Your browser doesn't support javascript.
loading
Primary micropapillary carcinoma of the colon with submucosal invasion: A case report.
Miyaoka, Youichi; Fujiwara, Aya; Kotani, Satoshi; Tsukano, Kosuke; Ogawa, Sayaka; Yamanouchi, Satoshi; Kusunoki, Ryusaku; Fujishiro, Hirofumi; Kohge, Naruaki; Yamamoto, Tomohiko; Amano, Yuji.
Affiliation
  • Miyaoka Y; Division of Endoscopy, Shimane Prefectural Central Hospital, Shimane, Japan.
  • Fujiwara A; Division of Gastroenterology, Shimane Prefectural Central Hospital, Shimane, Japan.
  • Kotani S; Division of Gastroenterology, Shimane Prefectural Central Hospital, Shimane, Japan.
  • Tsukano K; Division of Gastroenterology, Shimane Prefectural Central Hospital, Shimane, Japan.
  • Ogawa S; Division of Gastroenterology, Shimane Prefectural Central Hospital, Shimane, Japan.
  • Yamanouchi S; Division of Gastroenterology, Shimane Prefectural Central Hospital, Shimane, Japan.
  • Kusunoki R; Division of Gastroenterology, Shimane Prefectural Central Hospital, Shimane, Japan.
  • Fujishiro H; Division of Endoscopy, Shimane Prefectural Central Hospital, Shimane, Japan.
  • Kohge N; Division of Gastroenterology, Shimane Prefectural Central Hospital, Shimane, Japan.
  • Yamamoto T; Division of Pathology, Shimane Prefectural Central Hospital, Shimane, Japan.
  • Amano Y; Division of Endoscopy, Kaken Hospital, International University of Health and Welfare, Chiba, Japan.
Endosc Int Open ; 4(7): E744-7, 2016 Jul.

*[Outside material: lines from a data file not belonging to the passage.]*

(* Let $G$ be a complete $s$-partite graph ($s\ge 2$), and suppose exactly $r$ of its parts consist of a single vertex. Then $\chi_1(G)=s-r+\left\lceil \frac{r}{2}\right\rceil$.
   Context: A map $f:V(G)\to\{1,\dots,k\}$ is a $1$-relaxed $k$-coloring if every vertex $u$ has at most one neighbor $v$ with $f(v)=f(u)$; $\chi_1(G)$ is the minimum $k$ for which such a coloring exists. *)

theory Defs
  imports Complex_Main
begin

definition relaxed1_coloring ::
  "'a set \<Rightarrow> ('a \<Rightarrow> 'a \<Rightarrow> bool) \<Rightarrow> nat \<Rightarrow> ('a \<Rightarrow> nat) \<Rightarrow> bool" where
  "relaxed1_coloring V E k f \<longleftrightarrow>
     (\<forall>v\<in>V. f v \<in> {1..k}) \<and>
     (\<forall>u\<in>V. \<forall>v\<in>V. \<forall>w\<in>V.
        E u v \<and> E u w \<and> f v = f u \<and> f w = f u \<longrightarrow> v = w)"

definition chi1 :: "'a set \<Rightarrow> ('a \<Rightarrow> 'a \<Rightarrow> bool) \<Rightarrow> nat" where
  "chi1 V E = (LEAST k. \<exists>f. relaxed1_coloring V E k f)"

definition complete_multipartite ::
  "'a set \<Rightarrow> ('a \<Rightarrow> 'a \<Rightarrow> bool) \<Rightarrow> 'a set set \<Rightarrow> bool" where
  "complete_multipartite V E P \<longleftrightarrow>
     \<Union>P = V \<and> (\<forall>A\<in>P. A \<noteq> {}) \<and> pairwise disjnt P \<and>
     (\<forall>u v. E u v \<longleftrightarrow> (\<exists>A\<in>P. \<exists>B\<in>P. A \<noteq> B \<and> u \<in> A \<and> v \<in> B))"

end

theory Submission
  imports Defs
begin

text \<open>In a 1-relaxed coloring of a complete multipartite graph, a color occurring in two
  different parts is carried by exactly two vertices, one in each of them. So a part with at
  least two vertices needs either a color of its own or two shared colors, and a singleton part
  needs at least one color. Every color can pay 2 in total to the parts it meets, whence
  2k \<ge> 2(s - r) + r. Conversely, one color per non-singleton part together with one color per
  pair of singleton parts is a 1-relaxed coloring.\<close>

lemma complete_multipartite_part_unique:
  assumes "complete_multipartite V E P" "A \<in> P" "B \<in> P" "v \<in> A" "v \<in> B"
  shows "A = B"
  using assms unfolding complete_multipartite_def pairwise_def disjnt_iff by blast

lemma complete_multipartite_adj:
  assumes "complete_multipartite V E P" "A \<in> P" "B \<in> P" "A \<noteq> B" "u \<in> A" "v \<in> B"
  shows "E u v"
  using assms unfolding complete_multipartite_def by blast

lemma complete_multipartite_adjE:
  assumes "complete_multipartite V E P" "E u v"
  obtains A B where "A \<in> P" "B \<in> P" "A \<noteq> B" "u \<in> A" "v \<in> B"
  using assms unfolding complete_multipartite_def by blast

lemma complete_multipartite_part_subset:
  assumes "complete_multipartite V E P" "A \<in> P"
  shows "A \<subseteq> V"
  using assms unfolding complete_multipartite_def by blast

lemma complete_multipartite_partE:
  assumes "complete_multipartite V E P" "v \<in> V"
  obtains A where "A \<in> P" "v \<in> A"
  using assms unfolding complete_multipartite_def by blast

lemma complete_multipartite_part_nonempty:
  assumes "complete_multipartite V E P" "A \<in> P"
  shows "A \<noteq> {}"
  using assms unfolding complete_multipartite_def by blast

lemma complete_multipartite_finite_parts:
  assumes "finite V" "complete_multipartite V E P"
  shows "finite P"
  using assms unfolding complete_multipartite_def by (auto intro: finite_UnionD)

lemma complete_multipartite_finite_part:
  assumes "finite V" "complete_multipartite V E P" "A \<in> P"
  shows "finite A"
  using assms complete_multipartite_part_subset rev_finite_subset by metis

lemma complete_multipartite_the_part:
  assumes "complete_multipartite V E P" "A \<in> P" "v \<in> A"
  shows "(THE A. A \<in> P \<and> v \<in> A) = A"
  using assms complete_multipartite_part_unique[OF assms(1)] by (intro the_equality) blast+

lemma sum_if_one_two_add_card:
  assumes "finite X"
  shows "(\<Sum>x\<in>X. if Q x then 1 else 2) + card {x \<in> X. Q x} = 2 * card X"
proof -
  have "card {x \<in> X. Q x} = (\<Sum>x\<in>X. if Q x then 1 else 0)"
    using sum.inter_filter[OF assms, of "\<lambda>_. 1 :: nat" Q] by simp
  then have "(\<Sum>x\<in>X. if Q x then 1 else 2) + card {x \<in> X. Q x} =
      (\<Sum>x\<in>X. (if Q x then 1 else 2) + (if Q x then 1 else 0))"
    by (simp add: sum.distrib)
  also have "\<dots> = (\<Sum>x\<in>X. 2)" by (intro sum.cong) simp_all
  finally show ?thesis by simp
qed

text \<open>Each color distributes a budget of 2 over the parts it meets: 1 to each part if it
  also occurs outside that part (then it meets exactly two parts), else 2 to its only part.\<close>

definition color_weight :: "'a set \<Rightarrow> ('a \<Rightarrow> nat) \<Rightarrow> nat \<Rightarrow> 'a set \<Rightarrow> nat" where
  "color_weight V f c A = (if c \<in> f ` (V - A) then 1 else 2)"

lemma relaxed1_coloring_same_color_neighbors:
  assumes "relaxed1_coloring V E k f" "x \<in> V" "y \<in> V" "z \<in> V" "E x y" "E x z"
    and "f y = f x" "f z = f x"
  shows "y = z"
  using assms unfolding relaxed1_coloring_def by blast

lemma relaxed1_coloring_in_range:
  assumes "relaxed1_coloring V E k f" "v \<in> V"
  shows "f v \<in> {1..k}"
  using assms unfolding relaxed1_coloring_def by blast

context
  fixes V :: "'a set" and E :: "'a \<Rightarrow> 'a \<Rightarrow> bool" and P :: "'a set set"
    and k :: nat and f :: "'a \<Rightarrow> nat"
  assumes finite_V: "finite V"
    and multipartite: "complete_multipartite V E P"
    and coloring: "relaxed1_coloring V E k f"
begin

lemma same_color_across_parts:
  assumes A: "A \<in> P" "u \<in> A" and B: "B \<in> P" "v \<in> B" and "A \<noteq> B" "f v = f u"
    and "w \<in> V" "f w = f u"
  shows "w = u \<or> w = v"
proof -
  note neighbors = relaxed1_coloring_same_color_neighbors[OF coloring]
  have "u \<in> V" "v \<in> V"
    using A B complete_multipartite_part_subset[OF multipartite] by blast+
  obtain D where "D \<in> P" "w \<in> D" using complete_multipartite_partE[OF multipartite \<open>w \<in> V\<close>] .
  show ?thesis
  proof (cases "D = A")
    case True
    have "E v w" "E v u"
      using complete_multipartite_adj[OF multipartite] A B \<open>A \<noteq> B\<close> \<open>w \<in> D\<close> True by metis+
    then have "w = u" using neighbors[of v w u] assms \<open>u \<in> V\<close> \<open>v \<in> V\<close> by argo
    then show ?thesis ..
  next
    case False
    have "E u w" "E u v"
      using complete_multipartite_adj[OF multipartite] A B \<open>A \<noteq> B\<close> \<open>D \<in> P\<close> \<open>w \<in> D\<close> False
      by metis+
    then have "w = v" using neighbors[of u w v] assms \<open>u \<in> V\<close> \<open>v \<in> V\<close> by argo
    then show ?thesis ..
  qed
qed

lemma parts_of_shared_color:
  assumes A: "A \<in> P" "u \<in> A" and B: "B \<in> P" "v \<in> B" and "A \<noteq> B" "f u = c" "f v = c"
  shows "{A. A \<in> P \<and> c \<in> f ` A} = {A, B}"
proof -
  have "D \<in> {A, B}" if "D \<in> P" "c \<in> f ` D" for D
  proof -
    obtain w where "w \<in> D" "f w = c" using \<open>c \<in> f ` D\<close> by auto
    have "w \<in> V" using complete_multipartite_part_subset[OF multipartite \<open>D \<in> P\<close>] \<open>w \<in> D\<close> by blast
    then have "w = u \<or> w = v"
      using same_color_across_parts[OF A B \<open>A \<noteq> B\<close>] \<open>f u = c\<close> \<open>f v = c\<close> \<open>f w = c\<close> by simp
    then show ?thesis
      using complete_multipartite_part_unique[OF multipartite] A B \<open>D \<in> P\<close> \<open>w \<in> D\<close> by blast
  qed
  moreover have "c \<in> f ` A" "c \<in> f ` B"
    using rev_image_eqI A(2) B(2) \<open>f u = c\<close> \<open>f v = c\<close> by metis+
  ultimately show ?thesis
    using A(1) B(1) by (intro equalityI subsetI) auto
qed

lemma color_weight_sum_le: "(\<Sum>A | A \<in> P \<and> c \<in> f ` A. color_weight V f c A) \<le> 2"
proof (cases "\<exists>A\<in>P. \<exists>B\<in>P. \<exists>u\<in>A. \<exists>v\<in>B. A \<noteq> B \<and> f u = c \<and> f v = c")
  case True
  then obtain A B u v where A: "A \<in> P" "u \<in> A" and B: "B \<in> P" "v \<in> B"
    and "A \<noteq> B" "f u = c" "f v = c"
    by blast
  have "u \<in> V" "v \<in> V"
    using A B complete_multipartite_part_subset[OF multipartite] by blast+
  have "u \<notin> B" "v \<notin> A"
    using complete_multipartite_part_unique[OF multipartite] A B \<open>A \<noteq> B\<close> by blast+
  have "v \<in> V - A" "u \<in> V - B"
    using \<open>u \<in> V\<close> \<open>v \<in> V\<close> \<open>u \<notin> B\<close> \<open>v \<notin> A\<close> by simp_all
  then have "c \<in> f ` (V - A)" "c \<in> f ` (V - B)"
    using rev_image_eqI \<open>f u = c\<close> \<open>f v = c\<close> by metis+
  then have "color_weight V f c A = 1" "color_weight V f c B = 1"
    by (simp_all add: color_weight_def)
  with parts_of_shared_color[OF A B \<open>A \<noteq> B\<close> \<open>f u = c\<close> \<open>f v = c\<close>] \<open>A \<noteq> B\<close>
  show ?thesis by simp
next
  case False
  then have same_part: "D = A"
    if "A \<in> P" "D \<in> P" and colored: "c \<in> f ` A" "c \<in> f ` D" for A D
  proof -
    obtain u v where "u \<in> A" "f u = c" "v \<in> D" "f v = c" using colored by auto
    then show ?thesis using False that(1,2) by blast
  qed
  show ?thesis
  proof (cases "{A. A \<in> P \<and> c \<in> f ` A} = {}")
    case False
    then obtain A where "A \<in> P" "c \<in> f ` A" by blast
    then have "{A. A \<in> P \<and> c \<in> f ` A} = {A}" using same_part by blast
    then show ?thesis by (simp add: color_weight_def)
  next
    case True
    show ?thesis unfolding True by simp
  qed
qed

lemma color_weight_monochromatic_part:
  assumes "A \<in> P" "f ` A = {c}" "card A \<noteq> 1"
  shows "color_weight V f c A = 2"
proof (rule ccontr)
  assume "color_weight V f c A \<noteq> 2"
  then obtain v where v: "v \<in> V" "v \<notin> A" "f v = c"
    by (auto simp: color_weight_def split: if_splits)
  obtain B where B: "B \<in> P" "v \<in> B" using complete_multipartite_partE[OF multipartite \<open>v \<in> V\<close>] .
  have "finite A" "A \<noteq> {}"
    using complete_multipartite_finite_part[OF finite_V multipartite assms(1)]
      complete_multipartite_part_nonempty[OF multipartite assms(1)] .
  then have "\<not> card A \<le> Suc 0" using \<open>card A \<noteq> 1\<close> by (simp add: le_Suc_eq)
  then obtain a1 a2 where "a1 \<in> A" "a2 \<in> A" "a1 \<noteq> a2"
    using \<open>finite A\<close> card_le_Suc0_iff_eq by blast
  have "a2 \<in> V" using complete_multipartite_part_subset[OF multipartite assms(1)] \<open>a2 \<in> A\<close> by blast
  have "f a1 = c" "f a2 = c" using \<open>a1 \<in> A\<close> \<open>a2 \<in> A\<close> \<open>f ` A = {c}\<close> by blast+
  have "B \<noteq> A" using B v by blast
  then have "a2 = v \<or> a2 = a1"
    using same_color_across_parts[OF B assms(1) \<open>a1 \<in> A\<close>] v \<open>a2 \<in> V\<close> \<open>f a1 = c\<close> \<open>f a2 = c\<close>
    by simp
  then show False using \<open>a2 \<in> A\<close> \<open>v \<notin> A\<close> \<open>a1 \<noteq> a2\<close> by blast
qed

lemma color_weight_sum_ge:
  assumes "A \<in> P"
  shows "(if card A = 1 then 1 else 2) \<le> (\<Sum>c\<in>f ` A. color_weight V f c A)"
proof -
  have "finite A" "A \<noteq> {}"
    using complete_multipartite_finite_part[OF finite_V multipartite assms]
      complete_multipartite_part_nonempty[OF multipartite assms] .
  have "(\<Sum>c\<in>f ` A. 1) \<le> (\<Sum>c\<in>f ` A. color_weight V f c A)"
    by (rule sum_mono) (simp add: color_weight_def)
  then have card_le: "card (f ` A) \<le> (\<Sum>c\<in>f ` A. color_weight V f c A)" by simp
  have "card (f ` A) \<noteq> 0" using \<open>finite A\<close> \<open>A \<noteq> {}\<close> by simp
  show ?thesis
  proof (cases "card A \<noteq> 1 \<and> card (f ` A) = 1")
    case True
    then have "card (f ` A) = 1" by blast
    then obtain c where "f ` A = {c}" by (rule card_1_singletonE)
    with True color_weight_monochromatic_part[OF assms] show ?thesis by simp
  next
    case False
    with card_le \<open>card (f ` A) \<noteq> 0\<close> show ?thesis by auto
  qed
qed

Article in En | MEDLINE | ID: mdl-27556088
ABSTRACT
BACKGROUND AND STUDY

AIMS:

We present a case of invasive micropapillary carcinoma (IMPC) of the colon treated by endoscopic resection following magnifying endoscopy. A 47-year-old woman visited our hospital for follow-up of a positive fecal occult blood test. Colonoscopy revealed a semi-pedunculated reddish polyp, the surface of which showed gentle irregularity, and mild tension in the sigmoid colon. Magnifying colonoscopy with narrow band imaging revealed an irregular surface pattern with heterogeneity in vascular diameter and distribution. Magnifying endoscopic findings using crystal violet staining showed an irregular pit pattern with an expansion of stromal areas. Endoscopic resection of the sigmoid colon tumor was performed, and the histology of the resected specimen primarily revealed a micropapillary component with a small moderately differentiated adenocarcinoma component that massively invaded into the submucosal layer, accompanied by lymphatic invasion, although the tumor was very small (7 mm in diameter, smaller than any in previous reports). Laparoscopy-assisted sigmoidectomy and regional lymph node resection were performed; neither cancer nor lymph node metastases were present. This is the first report of a case with early-stage colonic IMPC observed with magnifying colonoscopy.